Ocean Freight Inc. Offers Exposure to Robust Dry Bulk Sector
Bank of America’s analyst team comprised of Daniel L. Barcelo, Ilya Balabnovsky, Joshua D. Kramer, and Thomas D. Sturges enlightened us this week on newly public OceanFreight Inc. and the rebirth of the dynamic dry bulk sector. (It’s worth noting that Philippe Lanier’s name has come off Bank of America’s shipping roster, and we will be sure to keep you posted if he is to resurface.) Bank of America initiated coverage of OceanFreight’s stock with a BUY rating and a $23/share target. OceanFreight’s stock currently trades at 8.2x 2008E EV/EBITDA, marginally below the sector average of 8.7x. Priced at $23/per share, the company trades among peers after an adjustment for the survey expense basis, as is the norm within peers, and which Bank of America warrants due to the company’s fleet profile, dividend strategy, management experience and homogeneity of the sector.

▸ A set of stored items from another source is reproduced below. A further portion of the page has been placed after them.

lemma orbit_IAP_matM:
  assumes "k > 0" and "s < k"
  shows "orbit (IAP k A (vecmat k A (matX k))) N (int s) - IAP k A (vecmat k A (matX k)) (int s)
       = (-1)^N * vecmat k A (matM k N) s"
proof -
  let ?D = "vecmat k A (matX k)"
  have "orbit (IAP k A ?D) N (int s) = (-1)^N * (vecmat k A (matC k N) s + vecmat k ?D (matT k N) s)"
    by (simp add: orbit_closed_form sum_binomial_IAP[OF assms(1)])
  moreover have "IAP k A ?D (int s) = A s"
    using IAP_residue[OF assms(2), of A ?D 0] by simp
  ultimately show ?thesis
    using assms(2) by (simp add: vecmat_matM algebra_simps)
qed

lemma in_Lker_matM_iff_orbit_window:
  assumes "k > 0"
  shows "in_Lker m k (matM k N) A \<longleftrightarrow>
    (\<forall>s<k. [orbit (IAP k A (vecmat k A (matX k))) N (int s)
            = IAP k A (vecmat k A (matX k)) (int s)] (mod int m))"
  unfolding in_Lker_def cong_iff_dvd_diff
  using assms by (simp add: orbit_IAP_matM dvd_mult_unit_iff' is_unit_power_iff)

theorem theorem6:
  fixes m k p lam :: nat and A :: "nat \<Rightarrow> int"
  assumes "lam > 0" and "p > 0" and "k dvd p"
  shows "orbit_periodic m (IAP k A (vecmat k A (matX k))) p (lam * p) \<longleftrightarrow>
         ((\<forall>s<k. [vecmat k A (matX k) s = 0] (mod int (m div gcd (p div k) m))) \<and>
          in_Lker m k (matM k (lam * p)) A)"
proof -
  define D where "D = vecmat k A (matX k)"
  define u where "u = IAP k A D"
  have "k > 0" using assms(2,3) by (auto intro: gr0I)
  have reflect: "u (-1 - j) = - u j" for j
    unfolding u_def D_def using \<open>k > 0\<close> by (rule IAP_reflect) (simp add: vecmat_matX)
  have step: "u (j + int k) = u j + D (nat (j mod int k))" for j
    unfolding u_def using \<open>k > 0\<close> by (rule IAP_add_k)
  have row0: "(\<forall>j. [u (j + int p) = u j] (mod int m)) \<longleftrightarrow>
      (\<forall>s<k. [D s = 0] (mod int (m div gcd (p div k) m)))"
    unfolding u_def by (rule IAP_period_cong_iff[OF assms(3,2)])
  have window: "in_Lker m k (matM k (lam * p)) A \<longleftrightarrow>
      (\<forall>s<k. [orbit u (lam * p) (int s) = u (int s)] (mod int m))"
    unfolding u_def D_def by (rule in_Lker_matM_iff_orbit_window[OF \<open>k > 0\<close>])
  have "(\<forall>j. [orbit u (lam * p) j = u j] (mod int m)) \<longleftrightarrow>
      (\<forall>s<k. [orbit u (lam * p) (int s) = u (int s)] (mod int m))"
    if "\<forall>j. [u (j + int p) = u j] (mod int m)"
    using orbit_cong_self_iff_window[OF \<open>k > 0\<close> reflect step, of p "int m" "lam * p"] that
    by simp
  with row0 window show ?thesis
    unfolding orbit_periodic_iff u_def D_def by blast
qed

end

Operating in the dry bulk sector, there is an encouraging outlook for OceanFreight as iron ore and coal demand is only offset by expected fleet growth, which would lower shipping rates to mid cycle by the end of the decade. Dry bulk shippers are experiencing a solid earnings environment driving shipping rates and asset values higher on high demand for commodities, especially iron ore and coal. Important to the success of the company is fleet strategy. Their initial acquisition of 7 vessels will deliver six 7-12 yr old Panamax vessels all under time charters and one 17-year-old Capesize vessel with an undetermined time charter. Management companies AllSeas and Quintana will handle day-to-day management of the vessels and Cardiff will oversee delivery of vessels and management performance.